*** Block opens ***
(* Let $i\geq1$ and let $T$ be an SSRT of partition shape $\lambda$ such that $\lambda$ has an addable node in column $i+1$. Then, as multisets, $$H_i(\mathrm{tjdt}_{i+1}(T))\cup\{f_{i+1}(T)\}=H_{i+1}(T).$$
   Context: SSRTs (French convention, rows numbered from bottom, $(p,q)$ = row $p$, column $q$): fillings of a partition shape by positive integers weakly decreasing along rows left to right and strictly decreasing up columns. Backward jeu de taquin slide $\mathrm{jdt}_j(T)$ from the addable node in column $j$: the empty box $c=(p,q)$, starting at the addable node, is filled by sliding in the entry from whichever of $(p-1,q)$, $(p,q-1)$ (that exist) holds the smaller entry, ties going to $(p-1,q)$; this repeats until the empty box is $(1,1)$. $H_j(T)$ denotes the multiset of entries of $T$ that move horizontally during the computation of $\mathrm{jdt}_j(T)$, and $H_1(T)=\varnothing$. With $T_{(p,q)}=0$ outside $\lambda$ and $T_{(0,q)}=\infty$, $f_{i+1}(T)=T_{(r,i)}$ where $r$ is the largest integer with $(r,i)\in\lambda$ and $T_{(r,i)}<T_{(r-1,i+1)}$ (the first entry moving horizontally in $\mathrm{jdt}_{i+1}(T)$), and $\mathrm{tjdt}_{i+1}(T)$ is obtained from $T$ by removing $T_{(r,i)}$ and sliding all entries above it in column $i$ down by one row. *)

theory Defs
  imports "HOL-Library.Multiset"
begin

(* French convention: a cell is (p,q) = (row p, column q), rows numbered from the bottom,
   both indices starting at 1. A partition shape is a finite down-left closed set of cells. *)

definition is_shape :: "(nat \<times> nat) set \<Rightarrow> bool" where
  "is_shape D \<longleftrightarrow> finite D \<and> (\<forall>(p,q)\<in>D. 1 \<le> p \<and> 1 \<le> q) \<and>
     (\<forall>p q p' q'. (p,q) \<in> D \<and> 1 \<le> p' \<and> p' \<le> p \<and> 1 \<le> q' \<and> q' \<le> q \<longrightarrow> (p',q') \<in> D)"

definition ssrt :: "(nat \<times> nat) set \<Rightarrow> (nat \<times> nat \<Rightarrow> nat) \<Rightarrow> bool" where
  "ssrt D T \<longleftrightarrow> is_shape D \<and> (\<forall>c\<in>D. 1 \<le> T c) \<and>
     (\<forall>p q. (p,q) \<in> D \<and> (p,q+1) \<in> D \<longrightarrow> T (p,q+1) \<le> T (p,q)) \<and>
     (\<forall>p q. (p,q) \<in> D \<and> (p+1,q) \<in> D \<longrightarrow> T (p+1,q) < T (p,q))"

definition addable :: "(nat \<times> nat) set \<Rightarrow> nat \<times> nat \<Rightarrow> bool" where
  "addable D c \<longleftrightarrow> fst c \<ge> 1 \<and> snd c \<ge> 1 \<and> c \<notin> D \<and> is_shape (insert c D)"
lemma adjoint_exists:
  assumes T: "T \<in> BH"
  shows "\<exists>S\<in>BH. \<forall>x y. cinner (T x) y = cinner x (S y)"
proof -
  obtain K where K: "K \<ge> 0" "\<And>x. hnorm (T x) \<le> K * hnorm x"
    using BH_bound[OF T] by blast
  have "\<exists>v. \<forall>x. cinner y (T x) = cinner v x" for y
  proof -
    have bound: "cmod (cinner y (T x)) \<le> (hnorm y * K) * hnorm x" for x
      using cinner_norm_bound[of y "T x"] mult_left_mono[OF K(2)[of x] hnorm_nonneg[of y]]
      by (simp add: mult.assoc)
    obtain v where "\<And>x. cinner y (T x) = cinner v x"
      by (rule riesz_representation[where g = "\<lambda>x. cinner y (T x)" and C = "hnorm y * K"])
        (simp_all add: BH_add[OF T] BH_scaleC[OF T] cinner_add_right cinner_scaleC_right bound)
    then show ?thesis
      by blast
  qed
  then obtain S where S: "\<And>y x. cinner y (T x) = cinner (S y) x"
    by metis
  have adjoint: "cinner (T x) y = cinner x (S y)" for x y
    by (metis S cinner_conj_sym)
  have "hnorm (S y) \<le> K * hnorm y" for y
    by (rule adjoint_norm_bound[OF adjoint K])
  moreover have "S (y + z) = S y + S z" "S (c *\<^sub>C y) = c *\<^sub>C S y" for y z c
    by (rule cinner_eqI_left; simp add: S[symmetric] cinner_add_left cinner_scaleC_left)+
  ultimately have "S \<in> BH"
    unfolding BH_def by blast
  then show ?thesis
    using adjoint by blast
qed

lemma adj_BH: "T \<in> BH \<Longrightarrow> adj T \<in> BH"
  and cinner_adj_right: "T \<in> BH \<Longrightarrow> cinner (T x) y = cinner x (adj T y)"
  using someI_ex[OF adjoint_exists[unfolded Bex_def]] unfolding adj_def by blast+

lemma cinner_adj_left: "T \<in> BH \<Longrightarrow> cinner x (T y) = cinner (adj T x) y"
  by (metis cinner_adj_right cinner_conj_sym)

lemma Ad_apply: "Ad a T h = a (T (adj a h))"
  by (simp add: Ad_def)

lemma Ad_BH: "a \<in> BH \<Longrightarrow> T \<in> BH \<Longrightarrow> Ad a T \<in> BH"
  unfolding Ad_def by (intro BH_comp adj_BH)

section \<open>Complete positivity and operational convexity\<close>

lemma linear_map_BH_add: "linear_map_BH \<Psi> \<Longrightarrow> \<Psi> (x + y) h = \<Psi> x h + \<Psi> y h"
  by (simp add: linear_map_BH_def)

lemma linear_map_BH_scaleC: "linear_map_BH \<Psi> \<Longrightarrow> \<Psi> (c *\<^sub>C x) h = c *\<^sub>C \<Psi> x h"
  by (simp add: linear_map_BH_def)

lemma linear_map_BH_in_BH: "linear_map_BH \<Psi> \<Longrightarrow> \<Psi> x \<in> BH"
  by (simp add: linear_map_BH_def)

lemma linear_map_BH_zero: "linear_map_BH \<Psi> \<Longrightarrow> \<Psi> 0 h = 0"
  using linear_map_BH_scaleC[of \<Psi> 0 0 h] by simp

lemma linear_map_BH_sum:
  assumes "linear_map_BH \<Psi>"
  shows "\<Psi> (\<Sum>i\<in>I. f i) h = (\<Sum>i\<in>I. \<Psi> (f i) h)"
  by (induction I rule: infinite_finite_induct)
    (simp_all add: linear_map_BH_zero[OF assms] linear_map_BH_add[OF assms])

lemma pos_matB_Ad:
  fixes T :: "nat \<Rightarrow> nat \<Rightarrow> 'h::chilbert \<Rightarrow> 'h"
  assumes "a \<in> BH" and "pos_matB k T"
  shows "pos_matB k (\<lambda>p q. Ad a (T p q))"
  unfolding pos_matB_def
proof
  fix \<xi> :: "nat \<Rightarrow> 'h"
  have "(\<Sum>i<k. \<Sum>j<k. cinner (\<xi> i) (Ad a (T i j) (\<xi> j)))
      = (\<Sum>i<k. \<Sum>j<k. cinner (adj a (\<xi> i)) (T i j (adj a (\<xi> j))))"
    by (simp add: Ad_apply cinner_adj_left[OF assms(1)])
  then show "Im (\<Sum>i<k. \<Sum>j<k. cinner (\<xi> i) (Ad a (T i j) (\<xi> j))) = 0 \<and>
      0 \<le> Re (\<Sum>i<k. \<Sum>j<k. cinner (\<xi> i) (Ad a (T i j) (\<xi> j)))"
    using assms(2)[unfolded pos_matB_def, rule_format, of "\<lambda>i. adj a (\<xi> i)"] by simp
qed
lemma norm_persgd_diff_le_of_single_difference:
  assumes eta_pos: "\<And>s. s \<in> {1..T} \<Longrightarrow> 0 < eta s"
    and eta_antimono: "\<And>s t. 1 \<le> s \<Longrightarrow> s \<le> t \<Longrightarrow> t \<le> T \<Longrightarrow> eta t \<le> eta s"
    and "1 \<le> T" "1 \<le> t"
    and same: "\<And>r. r \<in> {1..T - 1} \<Longrightarrow> r \<noteq> t \<Longrightarrow> S (perm r) = S' (perm r)"
  shows "norm (persgd X g eta T x1 perm S - persgd X g eta T x1 perm S')
           \<le> 2 * L * sqrt (\<Sum>r=1..T-1. (eta r)\<^sup>2) * real (T - t) / real T"
proof (rule norm_persgd_diff_le_of_agree_before[OF eta_pos eta_antimono \<open>1 \<le> T\<close>])
  have "0 \<le> L"
    using order_trans[OF norm_ge_zero norm_g_le[OF x1_in_X]] .
  then show "0 \<le> 2 * L * sqrt (\<Sum>r=1..T-1. (eta r)\<^sup>2)"
    by (simp add: sum_nonneg)
  fix k assume "k < T"
  then show "norm (persgd_iter X g eta S perm x1 k - persgd_iter X g eta S' perm x1 k)
               \<le> (if t \<le> k then 2 * L * sqrt (\<Sum>r=1..T-1. (eta r)\<^sup>2) else 0)"
    using eta_pos same \<open>1 \<le> t\<close> by (intro norm_persgd_iter_diff_le) (auto simp: less_imp_le)
qed
(* With the setting of the context, for any $0<z<\delta\le\delta_1$, $$q_N(z,\delta):=\pi^{N,\delta}\{B_M^c(Nc,Nz)\}\le2\,\hat\zeta_N\big(z(1-e^{-1/2})/(2c_1(M))\big),$$ where $B_M^c(Nc,Nz)$ is the complement of $B_M(Nc,Nz)$.
   Context: Setting: for each $N$, $X^N$ is a pure jump Markov process on $S_N\subseteq\mathbb Z^d$, $N^{-1}S_N\subseteq\hat S$ closed; Assumption 1: finite $\mathcal J\subset\mathbb Z^d$, continuously differentiable $r_J:\hat S\to[0,\infty)$, only transitions $X\to X+J$ at rate $Nr_J(N^{-1}X)$; Assumption 2: every vector of $\mathbb Z^d$ is a finite sum of elements of $\mathcal J$; $F(y)=\sum_JJr_J(y)$; Assumption 3: $c$ in the interior of $\hat S$, $F(c)=0$, $r_J(c)>0$ for all $J$, $\rho>0$ with all eigenvalues of $\sum_JJ\nabla r_J(c)$ of real part $<-\rho$. $|\cdot|$ Euclidean norm; $\|x\|_M=(x^TMx)^{1/2}$; $B_M(z,\epsilon)=\{x:\|x-z\|_M\le\epsilon\}$; $c_1(M)^2$ largest eigenvalue of $M$. $M$ (real symmetric positive definite) and $\delta_0>0$ are fixed with $B_M(c,\delta_0)\subseteq\hat S$ such that every solution $y$ of $dy/dt=F(y)$ with $\|y(0)-c\|_M\le\delta_0$ satisfies $\frac d{dt}\|y(t)-c\|_M\le-\rho\|y(t)-c\|_M$, and for any two such solutions $\frac d{dt}\|y-z\|_M\le-\rho\|y-z\|_M$. Fix $\delta_1\in(0,\delta_0]$ and $r_0>0$ with $r_J>r_0$ on $B_M(c,\delta_1)$. $\mathcal X_N(\delta)=\{X\in S_N:\|X-Nc\|_M\le N\delta\}$; $X^{N,\delta}$ is the chain on $\mathcal X_N(\delta)$ with the rates of $X^N$ except that transitions out of $\mathcal X_N(\delta)$ have rate zero; $\pi^{N,\delta}$ is its stationary distribution. $J^*=\max_J|J|$, $R^*(\mathcal K)=\sup_{y\in\mathcal K}\sum_Jr_J(y)$, $L(\mathcal K)=\sup_{y\in\mathcal K}|DF(y)|$, $\zeta_{N,T,\mathcal K}(z)=2d\exp\{-\frac{Nz}{2dJ^*}\min(1,\frac z{deTR^*(\mathcal K)J^*})\}$, $\hat\zeta_N(z)=\zeta_{N,\rho^{-1},B_M(c,\delta_0)}(ze^{-\rho^{-1}L(B_M(c,\delta_0))})$. *)

theory Defs
  imports "HOL-Analysis.Analysis"
begin

definition rvec :: "int^'d \<Rightarrow> real^'d" where
  "rvec x = (\<chi> i. real_of_int (x $ i))"

definition Mnorm :: "real^'d^'d \<Rightarrow> real^'d \<Rightarrow> real" where
  "Mnorm M x = sqrt (x \<bullet> (M *v x))"

definition MBall :: "real^'d^'d \<Rightarrow> real^'d \<Rightarrow> real \<Rightarrow> (real^'d) set" where
  "MBall M z e = {x. Mnorm M (x - z) \<le> e}"

definition sym_posdef :: "real^'d^'d \<Rightarrow> bool" where
  "sym_posdef M \<longleftrightarrow> transpose M = M \<and> (\<forall>x. x \<noteq> 0 \<longrightarrow> x \<bullet> (M *v x) > 0)"

definition max_eig :: "real^'d^'d \<Rightarrow> real" where
  "max_eig M = Max {l. \<exists>v. v \<noteq> 0 \<and> M *v v = l *s v}"

definition c1 :: "real^'d^'d \<Rightarrow> real" where
  "c1 M = sqrt (max_eig M)"

definition is_eigenvalue :: "real^'d^'d \<Rightarrow> complex \<Rightarrow> bool" where
  "is_eigenvalue A lam \<longleftrightarrow>
     (\<exists>v::complex^'d. v \<noteq> 0 \<and> (\<chi> i k. complex_of_real (A $ i $ k)) *v v = lam *s v)"

text \<open>Drift F(y) = sum_J J r_J(y) and its Jacobian, given gradients Dr J y of r J.\<close>
definition drift :: "(int^'d) set \<Rightarrow> (int^'d \<Rightarrow> real^'d \<Rightarrow> real) \<Rightarrow> real^'d \<Rightarrow> real^'d" where
  "drift JJ r y = (\<Sum>J\<in>JJ. r J y *\<^sub>R rvec J)"
lemma linear_coeff_zero_if_quadratic_nonpos:
  fixes a b :: real
  assumes "\<And>t. 2 * t * b + t\<^sup>2 * a \<le> 0"
  shows "b = 0"
proof (rule ccontr)
  assume "b \<noteq> 0"
  define c where "c = 1 / (\<bar>a\<bar> + 1)"
  have "0 < c" "c * \<bar>a\<bar> < 1" by (simp_all add: c_def field_simps)
  moreover have "c * (- \<bar>a\<bar>) \<le> c * a" using \<open>0 < c\<close> by (intro mult_left_mono) auto
  ultimately have "0 < 2 + c * a" by simp
  with \<open>0 < c\<close> \<open>b \<noteq> 0\<close> have "0 < c * b\<^sup>2 * (2 + c * a)" by simp
  also have "\<dots> = 2 * (c * b) * b + (c * b)\<^sup>2 * a" by (simp add: power2_eq_square algebra_simps)
  also have "\<dots> \<le> 0" by (rule assms)
  finally show False by simp
qed

lemma matrix_vector_eq_0_if_nonpos_form_vanishes:
  fixes M :: "real^'n^'n"
  assumes sym: "transpose M = M" and nonpos: "\<And>x. x \<bullet> (M *v x) \<le> 0" and "y \<bullet> (M *v y) = 0"
  shows "M *v y = 0"
proof -
  let ?h = "M *v y"
  have "2 * t * (?h \<bullet> ?h) + t\<^sup>2 * (?h \<bullet> (M *v ?h)) \<le> 0" for t
  proof -
    have "(y + t *\<^sub>R ?h) \<bullet> (M *v (y + t *\<^sub>R ?h))
        = y \<bullet> (M *v y) + 2 * t * (?h \<bullet> ?h) + t\<^sup>2 * (?h \<bullet> (M *v ?h))"
      using inner_matrix_vector_symmetric[OF sym, of y ?h]
      by (simp add: matrix_vector_right_distrib matrix_vector_mult_scaleR inner_add_left
          inner_add_right power2_eq_square algebra_simps)
    then show ?thesis using nonpos[of "y + t *\<^sub>R ?h"] \<open>y \<bullet> (M *v y) = 0\<close> by simp
  qed
  then have "?h \<bullet> ?h = 0" by (rule linear_coeff_zero_if_quadratic_nonpos)
  then show ?thesis by simp
qed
*** Block closes ***
● **THE PROBLEM**:
Copy out, word for word, the part of the entries above that begins at the line with "T c) \<and>" and ends at the line with "(\<forall>p q. (p,q) \<in> D \<and> (p+1,q)", including both.

● **TASK ANSWER**:
  "ssrt D T \<longleftrightarrow> is_shape D \<and> (\<forall>c\<in>D. 1 \<le> T c) \<and>
     (\<forall>p q. (p,q) \<in> D \<and> (p,q+1) \<in> D \<longrightarrow> T (p,q+1) \<le> T (p,q)) \<and>
     (\<forall>p q. (p,q) \<in> D \<and> (p+1,q) \<in> D \<longrightarrow> T (p+1,q) < T (p,q))"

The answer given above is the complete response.